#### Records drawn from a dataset
▼

(* Consider a finite super-modular game with player set $\mathcal V$ and binary action sets $\{\pm1\}$. Then for every configuration $x\in\mathcal X$: (i) $f^-(f^+(x))$ and $f^+(f^-(x))$ are equilibria, and they are respectively the greatest and the least equilibria that are I-reachable from $x$; (ii) $f^-(g^+(x))$ and $f^+(g^-(x))$ are equilibria, and they are respectively the greatest and the least equilibria that are BR-reachable from $x$; (iii) if $x\in\mathcal X^*$, then $g^+(x)$ and $g^-(x)$ are equilibria, and they are respectively the greatest and the least equilibria BR-reachable from $x$. Moreover: (iv) the set of equilibria $\mathcal X^*$ is a nonempty complete lattice (for the componentwise order) and is globally I-stable; (v) $\underline x^*=f^+(g^-(-\mathbf 1))=f^+(-\mathbf 1)$ and $\overline x^*=f^-(g^+(+\mathbf 1))=f^-(+\mathbf 1)$ are respectively the least and the greatest equilibria; (vi) for any two equilibria $x,y\in\mathcal X^*$, $f^+(x\vee y)$ is the least equilibrium that is $\ge$ both $x$ and $y$, and $f^-(x\wedge y)$ is the greatest equilibrium that is $\le$ both $x$ and $y$; (vii) if $\underline x^*=\overline x^*=x^*$, then $\mathcal X^*=\{x^*\}$ is globally BR-stable.
   Context: Game: finite player set $\mathcal V$, each player has action set $\{-1,+1\}$, configurations $x\in\mathcal X=\{-1,+1\}^{\mathcal V}$, utilities $u_i:\mathcal X\to\mathbb R$; write $u_i(x)=u_i(x_i,x_{-i})$. Best response: $\mathcal B_i(x_{-i})=\arg\max_{x_i\in\{\pm1\}}u_i(x_i,x_{-i})$. An equilibrium is $x^*$ with $x_i^*\in\mathcal B_i(x^*_{-i})$ for all $i$; $\mathcal X^*$ is the set of equilibria. The game is super-modular if for every $i$, $u_i(1,x_{-i})-u_i(-1,x_{-i})\ge u_i(1,y_{-i})-u_i(-1,y_{-i})$ whenever $x_{-i}\ge y_{-i}$ (componentwise order). $x\vee y$, $x\wedge y$ are the entrywise max and min; $\bigvee L,\bigwedge L$ those of a set. Paths: a length-$l$ admissible path from $x$ to $y$ is $(x^{(0)},\dots,x^{(l)})$ with $x^{(0)}=x$, $x^{(l)}=y$, and for each $k=1,\dots,l$ a player $i_k$ with $x^{(k)}_{-i_k}=x^{(k-1)}_{-i_k}$ and $x^{(k)}_{i_k}\ne x^{(k-1)}_{i_k}$ (length $0$ allowed). It is an I-path if $u_{i_k}(x^{(k)})>u_{i_k}(x^{(k-1)})$ for all $k$, a BR-path if $u_{i_k}(x^{(k)})\ge u_{i_k}(x^{(k-1)})$ for all $k$; monotone if $x^{(0)}\lneq x^{(1)}\lneq\cdots\lneq x^{(l)}$, anti-monotone if $x^{(0)}\gneq\cdots\gneq x^{(l)}$ (where $x\lneq y$ means $x\le y$, $x\neq y$). For $\alpha\in\{\mathrm{I},\mathrm{BR}\}$: $\mathcal Y\subseteq\mathcal X$ is $\alpha$-reachable from $x$ if there is an $\alpha$-path from $x$ to some $y\in\mathcal Y$; globally $\alpha$-reachable if $\alpha$-reachable from every $x$; $\alpha$-invariant if there is no $\alpha$-path from any $y\in\mathcal Y$ to any $z\notin\mathcal Y$; globally $\alpha$-stable if globally $\alpha$-reachable and $\alpha$-invariant. A configuration $y$ is I-reachable (BR-reachable) from $x$ if $\{y\}$ is. Maps: $f^+(x)=\bigvee\{y: y$ reachable from $x$ by a monotone I-path$\}$, $f^-(x)=\bigwedge\{y: y$ reachable from $x$ by an anti-monotone I-path$\}$, $g^+(x)=\bigvee\{y: y$ reachable from $x$ by a monotone BR-path$\}$, $g^-(x)=\bigwedge\{y: y$ reachable from $x$ by an anti-monotone BR-path$\}$. *)

theory Defs
  imports Complex_Main
begin

text \<open>The order on configurations
 is the pointwise order on functions; x \<squnion> y (sup) is the entrywise max.\<close>

type_synonym 'v cfg = "'v \<Rightarrow> int"
type_synonym 'v game = "'v \<Rightarrow> 'v cfg \<Rightarrow> real"

definition is_cfg :: "'v cfg \<Rightarrow> bool" where
  "is_cfg x \<longleftrightarrow> (\<forall>i. x i \<in> {-1, 1})"

definition supermodular :: "'v game \<Rightarrow> bool" where
  "supermodular u \<longleftrightarrow>
     (\<forall>i x y. is_cfg x \<and> is_cfg y \<and> (\<forall>j. j \<noteq> i \<longrightarrow> y j \<le> x j) \<longrightarrow>
        u i (x(i := 1)) - u i (x(i := -1)) \<ge> u i (y(i := 1)) - u i (y(i := -1)))"

definition best_resp :: "'v game \<Rightarrow> 'v \<Rightarrow> 'v cfg \<Rightarrow> int set" where
  "best_resp u i x = {a \<in> {-1, 1}. \<forall>b \<in> {-1, 1}. u i (x(i := b)) \<le> u i (x(i := a))}"

definition equilibria :: "'v game \<Rightarrow> 'v cfg set" where
  "equilibria u = {x. is_cfg x \<and> (\<forall>i. x i \<in> best_resp u i x)}"

definition adm_step :: "'v \<Rightarrow> 'v cfg \<Rightarrow> 'v cfg \<Rightarrow> bool" where
  "adm_step i x y \<longleftrightarrow> is_cfg x \<and> is_cfg y \<and> y i \<noteq> x i \<and> (\<forall>j. j \<noteq> i \<longrightarrow> y j = x j)"

definition I_step :: "'v game \<Rightarrow> 'v cfg \<Rightarrow> 'v cfg \<Rightarrow> bool" where
  "I_step u x y \<longleftrightarrow> (\<exists>i. adm_step i x y \<and> u i y > u i x)"

definition BR_step :: "'v game \<Rightarrow> 'v cfg \<Rightarrow> 'v cfg \<Rightarrow> bool" where
  "BR_step u x y \<longleftrightarrow> (\<exists>i. adm_step i x y \<and> u i y \<ge> u i x)"

definition I_reach :: "'v game \<Rightarrow> 'v cfg \<Rightarrow> 'v cfg \<Rightarrow> bool" where
  "I_reach u = (I_step u)\<^sup>*\<^sup>*"

definition BR_reach :: "'v game \<Rightarrow> 'v cfg \<Rightarrow> 'v cfg \<Rightarrow> bool" where
  "BR_reach u = (BR_step u)\<^sup>*\<^sup>*"

definition I_reach_mono :: "'v game \<Rightarrow> 'v cfg \<Rightarrow> 'v cfg \<Rightarrow> bool" where
  "I_reach_mono u = (\<lambda>x y. I_step u x y \<and> x < y)\<^sup>*\<^sup>*"

definition I_reach_anti :: "'v game \<Rightarrow> 'v cfg \<Rightarrow> 'v cfg \<Rightarrow> bool" where
  "I_reach_anti u = (\<lambda>x y. I_step u x y \<and> y < x)\<^sup>*\<^sup>*"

▲

#### Task goal
Above are the entries; count how many of their lines contain the word "exists" and give only that number.

#### Completed exercise
2